Super permutations are interesting because they are simple. In a short time you could explain the problem to anybody, even a child - and yet the problem is hard to solve. Insight into solving the problem could literally come from anywhere - and I think this is what really makes the problem interesting.

In reality, it's really not clear what problems a solution could help to solve. Perhaps it could reveal deep insight into solving the Travelling Salesman Problem, or perhaps it reveals some ideas about better compression methods.

One real life problem space I have heard is a garage door that accepts a code, but it checks for the opening key using a sliding window. Any security based on sliding windows could potentially be susceptible to an attack generated by an efficient solution to this problem.

Insights

Here I am going to detail some insights I've had before now, in the hope that they may help somebody else.

Palindromes

These are a special case of super permutation, where they read the same left-right and right-left. It's suspected that these may not always produce the most efficient super permutations, but in theory should be the easiest to crack, given you only have to find half of the super permutation string.

I did generate a method for producing super permutation palindromes from 1-5 in a split second, by studying the patterns in the numbers generated. Unfortunately this shows multiple solutions for 5 (although recoverable) and fails for length 6 or more.

Repetition

As echoed by others, for every palindrome found so far, it seems to be the case that there are no repetitions in the strings produced. You might think "this is obvious", but actually it really is not. It's not yet been proven that this holds up past lengths of 6.

Search Reduction

Almost exclusively for palindromes, as you are building up the strings it allows you to say two things:

  1. The string or it's reverse should not be repeated in this half on the palindrome.
  2. The reverse of the string should appear in the other half of the palindrome.

These allow you to drastically reduce the search space.

Approaches

These are some approaches explored so far...

Brute Force

For this method we are checking every combination possible, starting from the smallest via string size predicted by the lower bound, up until the upper bound (which should not be met). This is of course very slow, so we make a few optimizations:

  • We skip any strings with symbol repeats - that sort of waste should never be seen in an optimal string.
  • We then check whether the combinations are all present within the string using a pre-calculated list of permutations. We quit the first time we are unable to find a permutation and check the proposal string a window at a time.

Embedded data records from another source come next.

(* Let $a,b,c\in\mathbb{R}$ with $a,c\neq 0$ and let $(X,J_{a,b,c})$ be the compact almost-complex manifold described in the context. Then $h^{1,0}_{\mathrm{Dol}}=1$ (spanned by $\varphi^1$), $h^{2,0}_{\mathrm{Dol}}=0$, $h^{3,0}_{\mathrm{Dol}}=0$.
   Context: General notions. For an almost-complex manifold $(X,J)$, $A^k(X)=\bigoplus_{p+q=k}A^{p,q}(X)$ and $d=\mu+\partial+\overline{\partial}+\bar\mu$ with $\mu:A^{p,q}\to A^{p+2,q-1}$, $\partial:A^{p,q}\to A^{p+1,q}$, $\overline{\partial}:A^{p,q}\to A^{p,q+1}$, $\bar\mu:A^{p,q}\to A^{p-1,q+2}$. The almost-complex Dolbeault cohomology (of Cirici–Wilson) in bidegree $(p,0)$ is $H^{p,0}_{\mathrm{Dol}}(X)=\{\psi\in A^{p,0}(X):\overline{\partial}\psi=0,\ \bar\mu\psi=0\}$, and $h^{p,0}_{\mathrm{Dol}}$ is its complex dimension. The manifold. Let $G$ be the Lie group $\mathbb{R}^2\ltimes_\Phi\mathbb{R}^4$ with coordinates $(t,x,y_1,y_2,z_1,z_2)$ and product $(t,x,y_1,y_2,z_1,z_2)*(t',x',y_1',y_2',z_1',z_2')=(t+t',x+x',y_1'e^t+xz_1'e^t+y_1,\,y_2'e^{-t}+xz_2'e^{-t}+y_2,\,z_1'e^t+z_1,\,z_2'e^{-t}+z_2)$. Let $B\in SL(2,\mathbb{Z})$ have distinct eigenvalues $e^{a_0},e^{-a_0}$ ($a_0>0$) and $P$ real invertible with $PBP^{-1}=\mathrm{diag}(e^{a_0},e^{-a_0})$. Let $\Gamma$ be the lattice of elements with $t\in a_0\mathbb{Z}$, $x\in\mathbb{Z}$, $(y_1,y_2)=(m_1,m_2)P^t$, $(z_1,z_2)=(n_1,n_2)P^t$, $m_i,n_i\in\mathbb{Z}$, and $X=\Gamma\backslash G$. Left-invariant $1$-forms: $e^1=dt$, $e^2=dx$, $e^3=e^{-t}dy_1-xe^{-t}dz_1$, $e^4=e^{t}dy_2-xe^{t}dz_2$, $e^5=e^{-t}dz_1$, $e^6=e^tdz_2$, with $de^1=de^2=0$, $de^3=-e^{13}-e^{25}$, $de^4=e^{14}-e^{26}$, $de^5=-e^{15}$, $de^6=e^{16}$. The structures. For $a,b,c\in\mathbb{R}$, $a,c\neq0$: $J_{a,b,c}$ is the almost-complex structure whose $(1,0)$-forms are spanned by $\varphi^1=ae^1+ie^2$, $\varphi^2=be^5+ce^3+ie^6$, $\varphi^3=ce^4+ie^5$ (it is compatible with the symplectic form $\omega_{a,b,c}=ae^{12}+be^{56}+c(e^{36}+e^{45})$). *)

theory Defs
  imports "HOL-Analysis.Analysis"
begin

text \<open>An element of the exterior algebra of a 6-dimensional complex space with a fixed
  ordered basis v_0,...,v_5 is represented by its coefficient function: the coefficient of
  the monomial v_{i1} wedge ... wedge v_{ip} (i1 < ... < ip) is the value at {i1,...,ip}.
  Only subsets of {0..<6} are meaningful.\<close>

type_synonym lform = "nat set \<Rightarrow> complex"

definition lzero :: lform where "lzero = (\<lambda>K. 0)"
definition ladd :: "lform \<Rightarrow> lform \<Rightarrow> lform" where "ladd \<alpha> \<beta> = (\<lambda>K. \<alpha> K + \<beta> K)"
definition lscale :: "complex \<Rightarrow> lform \<Rightarrow> lform" where "lscale z \<alpha> = (\<lambda>K. z * \<alpha> K)"
definition lsum :: "('i \<Rightarrow> lform) \<Rightarrow> 'i set \<Rightarrow> lform" where
  "lsum F S = (\<lambda>K. \<Sum>i\<in>S. F i K)"
definition mono :: "nat set \<Rightarrow> lform" where "mono I = (\<lambda>K. if K = I then 1 else 0)"
definition gen :: "nat \<Rightarrow> lform" where "gen i = mono {i}"

text \<open>sign of the shuffle bringing (I,J) (each listed increasingly) into increasing order\<close>
definition shuffle_sign :: "nat set \<Rightarrow> nat set \<Rightarrow> complex" where
  "shuffle_sign I J = (-1) ^ card {(i,j). i \<in> I \<and> j \<in> J \<and> j < i}"

definition wedge :: "lform \<Rightarrow> lform \<Rightarrow> lform" where
  "wedge \<alpha> \<beta> = (\<lambda>K. \<Sum>I\<in>Pow K. shuffle_sign I (K - I) * \<alpha> I * \<beta> (K - I))"

definition wedge_list :: "lform list \<Rightarrow> lform" where
  "wedge_list vs = foldr wedge vs (mono {})"

definition ext_map :: "(nat \<Rightarrow> lform) \<Rightarrow> lform \<Rightarrow> lform" where
  "ext_map img \<alpha> = lsum (\<lambda>J. lscale (\<alpha> J) (wedge_list (map img (sorted_list_of_set J)))) (Pow {0..<6})"

text \<open>Points of G = R^2 semidirect R^4 are vectors g with coordinates
  (t,x,y1,y2,z1,z2) = (g$1,g$2,g$3,g$4,g$5,g$6).\<close>

definition Gmul :: "real^6 \<Rightarrow> real^6 \<Rightarrow> real^6" where
  "Gmul g h = (\<chi> i.
     if i = 1 then g$1 + h$1
     else if i = 2 then g$2 + h$2
     else if i = 3 then h$3 * exp (g$1) + g$2 * h$5 * exp (g$1) + g$3
     else if i = 4 then h$4 * exp (- g$1) + g$2 * h$6 * exp (- g$1) + g$4
     else if i = 5 then h$5 * exp (g$1) + g$5
     else h$6 * exp (- g$1) + g$6)"

definition Lattice :: "real \<Rightarrow> real^2^2 \<Rightarrow> (real^6) set" where
  "Lattice a0 P = {g. \<exists>k n m1 m2 n1 n2 :: int.
      g$1 = a0 * of_int k \<and> g$2 = of_int n \<and>
      g$3 = of_int m1 * P$1$1 + of_int m2 * P$1$2 \<and>
      g$4 = of_int m1 * P$2$1 + of_int m2 * P$2$2 \<and>
      g$5 = of_int n1 * P$1$1 + of_int n2 * P$1$2 \<and>
      g$6 = of_int n1 * P$2$1 + of_int n2 * P$2$2}"

text \<open>functions on X = Gamma \ G = left-Gamma-invariant functions on G\<close>
definition gamma_inv :: "real \<Rightarrow> real^2^2 \<Rightarrow> (real^6 \<Rightarrow> complex) \<Rightarrow> bool" where
  "gamma_inv a0 P f \<longleftrightarrow> (\<forall>\<gamma>\<in>Lattice a0 P. \<forall>g. f (Gmul \<gamma> g) = f g)"

definition partial :: "6 \<Rightarrow> (real^6 \<Rightarrow> complex) \<Rightarrow> real^6 \<Rightarrow> complex" where
  "partial j f g = vector_derivative (\<lambda>s. f (g + s *\<^sub>R axis j 1)) (at 0)"

coinductive smooth :: "(real^6 \<Rightarrow> complex) \<Rightarrow> bool" where
  "(\<forall>g. f differentiable (at g)) \<Longrightarrow> (\<forall>j. smooth (partial j f)) \<Longrightarrow> smooth f"

text \<open>Real left-invariant coframe e^1..e^6 is indexed 0..5. Complex coframe
  theta_0,theta_1,theta_2 = phi^1,phi^2,phi^3 and theta_3,theta_4,theta_5 their conjugates.\<close>

text \<open>d e^j, in the e-basis\<close>
definition de :: "nat \<Rightarrow> lform" where
  "de j = (if j = 2 then ladd (lscale (-1) (mono {0,2})) (lscale (-1) (mono {1,4}))
      else if j = 3 then ladd (mono {0,3}) (lscale (-1) (mono {1,5}))
      else if j = 4 then lscale (-1) (mono {0,4})
      else if j = 5 then mono {0,5}
      else lzero)"

text \<open>coordinate differentials dt,dx,dy1,dy2,dz1,dz2 at g, in the e-basis\<close>
definition dcoord :: "real^6 \<Rightarrow> 6 \<Rightarrow> lform" where
  "dcoord g j = (let t = g$1; x = g$2 in
      if j = 1 then gen 0
      else if j = 2 then gen 1
      else if j = 3 then ladd (lscale (exp t) (gen 2)) (lscale (x * exp t) (gen 4))
      else if j = 4 then ladd (lscale (exp (-t)) (gen 3)) (lscale (x * exp (-t)) (gen 5))
      else if j = 5 then lscale (exp t) (gen 4)
      else lscale (exp (-t)) (gen 5))"

text \<open>theta_k = sum_j theta_coef k j e^j:
  phi^1 = a e^1 + i e^2, phi^2 = c e^3 + b e^5 + i e^6, phi^3 = c e^4 + i e^5\<close>
definition theta_coef :: "real \<Rightarrow> real \<Rightarrow> real \<Rightarrow> nat \<Rightarrow> nat \<Rightarrow> complex" where
  "theta_coef a b c k j =
     (if k = 0 then (if j = 0 then of_real a else if j = 1 then \<i> else 0)
      else if k = 1 then (if j = 2 then of_real c else if j = 4 then of_real b else if j = 5 then \<i> else 0)
      else if k = 2 then (if j = 3 then of_real c else if j = 4 then \<i> else 0)
      else if k = 3 then (if j = 0 then of_real a else if j = 1 then - \<i> else 0)
      else if k = 4 then (if j = 2 then of_real c else if j = 4 then of_real b else if j = 5 then - \<i> else 0)
      else if k = 5 then (if j = 3 then of_real c else if j = 4 then - \<i> else 0)
      else 0)"

text \<open>the inverse change of basis: e^{j+1} expressed in the theta-basis
  e^1 = (th0+th3)/(2a), e^2 = (th0-th3)/(2i), e^3 = (th1+th4)/(2c) - (b/c) e^5,
  e^4 = (th2+th5)/(2c), e^5 = (th2-th5)/(2i), e^6 = (th1-th4)/(2i)\<close>
definition e_in_theta :: "real \<Rightarrow> real \<Rightarrow> real \<Rightarrow> nat \<Rightarrow> lform" where
  "e_in_theta a b c j =
     (if j = 0 then lscale (1 / (2 * of_real a)) (ladd (gen 0) (gen 3))
      else if j = 1 then lscale (1 / (2 * \<i>)) (ladd (gen 0) (lscale (-1) (gen 3)))
      else if j = 2 then ladd (lscale (1 / (2 * of_real c)) (ladd (gen 1) (gen 4)))
                              (lscale (- of_real b / (of_real c * 2 * \<i>)) (ladd (gen 2) (lscale (-1) (gen 5))))
      else if j = 3 then lscale (1 / (2 * of_real c)) (ladd (gen 2) (gen 5))
      else if j = 4 then lscale (1 / (2 * \<i>)) (ladd (gen 2) (lscale (-1) (gen 5)))
      else if j = 5 then lscale (1 / (2 * \<i>)) (ladd (gen 1) (lscale (-1) (gen 4)))
      else lzero)"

To give an idea of speed: For length 4 we can process approximately 3 million proposals a second using 8 cores on a i7-6700HQ.

Compression

Another method is to take all the combinations of the permutations and performing compression on the strings. By compression, I mean that we remove substrings that are already represented.

Whilst in theory this could be faster, in reality there may be issues as you have to pick one of two or more repeats to keep. The consequence is that it would affect subsequent compressions, meaning that you also need to test all combinations of compressions too.

TSP

The problem can be represented as the travelling salesman problem - by far the current most popular method is to use TSP solvers after representing the problem in the appropriate way. Whilst this has yielded minimal strings of length 7, this method does not seem feasible for 8 or higher and also doesn't really add greater insight into the problem space.

Pattern

This method is near instant for values less than 6 and fails at 6 or more symbols. This is a problem I am currently working on solving for palindromes, as it seems like the most viable approach to getting near minimal strings. At least for strings up to 5 in length, strings are generated near instantly.

Hunches

These are just a series of unsupported hunches about the problem space:

  1. Patterns -- The solution will likely be some form of low-computation pattern. I think that once we crack lengths up to 10, these patterns may be more obvious.
  2. 1 year -- I suspect some advancements in the space will happen in the next year. It's been relatively quiet in 2020 and I think we're overdue some new insight.
  3. Hardware -- I believe it's only a matter of time we see somebody implement the problem in something like an FPGA, where we should be able to get much closer to clock speed checking of proposed super permutation strings.